えぐれた地面は、すりばち状になっていて、
底には中くらいの大きさのアリジゴクがいました。
僕はアリジゴクの穴は
本当に落ちたら出られないのかなあと疑問に思い、
わざと穴に落ちてみました。
すると本当に出られませんでした。
僕はみるみるうちに底の、
アリジゴクのところまで滑り落ちて行きました。
もがけばもがくほど落ちて行くので、
僕は観念して、耳に砂が入らないように
左の耳の穴にも人差し指をつっこんで、
ゆっくりと底に落ちて行ったのでした。
アリジゴクは僕に言いました。
「その爆弾と引き換えに命は助けてやるよ。

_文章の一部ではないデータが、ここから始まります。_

lemma det_star_lap:
  "det (star_lap m) = Var 0 * (\<Prod>i\<in>{1..m}. Var i) - (\<Sum>i\<in>{1..m}. \<Prod>j\<in>{1..m} - {i}. Var j)"
proof -
  define summand where "summand p = signof p * (\<Prod>u = 0..<m + 1. star_lap m $$ (u, p u))" for p
  define Q where "Q = insert id (Transposition.transpose 0 ` {1..m})"
  have "det (star_lap m) = sum summand {p. p permutes {0..<m + 1}}"
    unfolding det_def'[OF genlap_carrier] summand_def ..
  also have "\<dots> = sum summand Q"
  proof (rule sum.mono_neutral_right)
    show "Q \<subseteq> {p. p permutes {0..<m + 1}}"
      by (auto simp: Q_def intro!: permutes_swap_id)
    show "\<forall>p\<in>{p. p permutes {0..<m + 1}} - Q. summand p = 0"
    proof
      fix p assume "p \<in> {p. p permutes {0..<m + 1}} - Q"
      then obtain u where u: "u < m + 1" "star_lap m $$ (u, p u) = 0"
        using star_perm_nonzero_cases[of p m] by (auto simp: Q_def)
      have "(\<Prod>v = 0..<m + 1. star_lap m $$ (v, p v)) = 0"
        by (rule prod_zero) (use u in auto)
      then show "summand p = 0"
        by (simp add: summand_def)
    qed
  qed (simp add: finite_permutations)
  also have "\<dots> = summand id + (\<Sum>i\<in>{1..m}. summand (Transposition.transpose 0 i))"
  proof -
    have "id \<notin> Transposition.transpose 0 ` {1..m}"
      by (auto dest: fun_cong[where x = 0])
    moreover have "inj_on (Transposition.transpose (0 :: nat)) {1..m}"
      by (rule inj_onI) (metis transpose_apply_first)
    ultimately show ?thesis
      by (simp add: Q_def sum.reindex)
  qed
  also have "summand id = Var 0 * (\<Prod>i\<in>{1..m}. Var i)"
    unfolding summand_def id_apply star_lap_diag_prod by (simp add: signof_id)
  also have "(\<Sum>i\<in>{1..m}. summand (Transposition.transpose 0 i)) = (\<Sum>i\<in>{1..m}. - (\<Prod>j\<in>{1..m} - {i}. Var j))"
  proof (rule sum.cong)
    fix i assume "i \<in> {1..m}"
    then show "summand (Transposition.transpose 0 i) = - (\<Prod>j\<in>{1..m} - {i}. Var j)"
      unfolding summand_def star_lap_transpose_prod[OF \<open>i \<in> {1..m}\<close>] by (simp add: sign_swap_id)
  qed simp
  finally show ?thesis
    by (simp add: sum_negf)
qed

section \<open>The critical ideals of the star\<close>

lemma crit_ideal_star_top:
  "crit_ideal (m + 1) star_mu (m + 1) =
    ideal_gen {Var 0 * (\<Prod>i\<in>{1..m}. Var i) - (\<Sum>i\<in>{1..m}. \<Prod>j\<in>{1..m} - {i}. Var j)}"
  unfolding crit_ideal_def minors_full[OF genlap_carrier] det_star_lap ..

」
僕は右のポケットから爆弾のかけらをひとつ取り出し、
そのやさしいアリジゴクに向かって投げつけました。
爆弾の威力はさっきよりも強く、
アリジゴクはあとかたもなく消えてしまいました。
そしてアリジゴクの穴の底には、
さらにくぼみができていました。
僕はそのくぼみに頭から飛びこみました。
くぼみの下には青空が広がっていました。
落ちても落ちても青空でした。
全然地面にたどり着かないので、
僕は眠くなって、落ちながら寝ました。
しばらくして、僕は目を覚ましました。
僕はまだ落ちています。
だんだん退屈になってきました。
僕は右のポケットから爆弾のかけらを3つ取り出し、
上と右と左と、3方向にそれを放り投げました。
3つの爆弾は、ほぼ同じに爆発しました。
爆発のせいで、僕が落ちつづけていた青空が、壊れました。
壊れた青空の後にあったものは、“白”でした。
何もない白でした。
何もない光景は、とてもきれいでした。
でもふと思いました。
この白は、何もないから白なのか、
それとも「何もない」その上に白があるのか。
僕は何もないところには何があるのか知りたくて、
何かを作るのか何かを壊すのかどちらか分からない爆弾を、
右のポケットから1つ取り出し、
左手で握りつぶしました。
小さな小さな爆発が起こりました。
握りこぶしを開くと、
僕の左の手のひら がなくなっていました。
手の甲はあります。
手のひらはありません。
手のひらがあったところにあったものは、“白”でした。
僕はべつに、手のひらを白に変えたかったわけではないので、
右のポケットから今度は爆弾のかけらを4つ取り出し、
まっすぐ前に、4つまとめて放り投げました。
爆弾は爆発せず、目の前の“白”に吸いこまれていきました。
僕は爆弾をすべて使い果たしました。
あとに残ったのは彫刻刀だけです。
僕はそれで右手の手首を突き刺しました。
白い血が流れ出しました。
白い血は、僕の体を白に染めていきました。
僕は長い時間かけて、
白になりました。
白の世界で白になった僕のあとに1人の人がやってきました。
1人の人は手に透明の花を持っていました。
茎も、葉も、花もみんな透明です。
1人の人は、透明の花を手でこすり始めました。
僕は、透明の向こうに透明があって、
そのまた向こうも透明で、どこまでも透明だったら
いったいどんな色に見えるんだろう、と思いました。
透明の花をこすると、
花のまわりのものが、どんどん透明になって行きました。
透明の向こうが透明だったら、
はじめの透明は透明に見えるのだということが分かりました。
透明の色はこの世では見たことがなかったので
透明の色は透明色です。
ほかに言いようがありません。
白の僕は少しずつ、透明色に染まっていきました。
僕には、
体の全部が透明色に染まると
僕自身が消えてしまうのだということが分かりました。
僕は僕が消えてしまうことの心の準備を1分ほどで済ませ、
体の全部を透明色にゆだねたのでした。
そのあとどうなったのかは分かりません。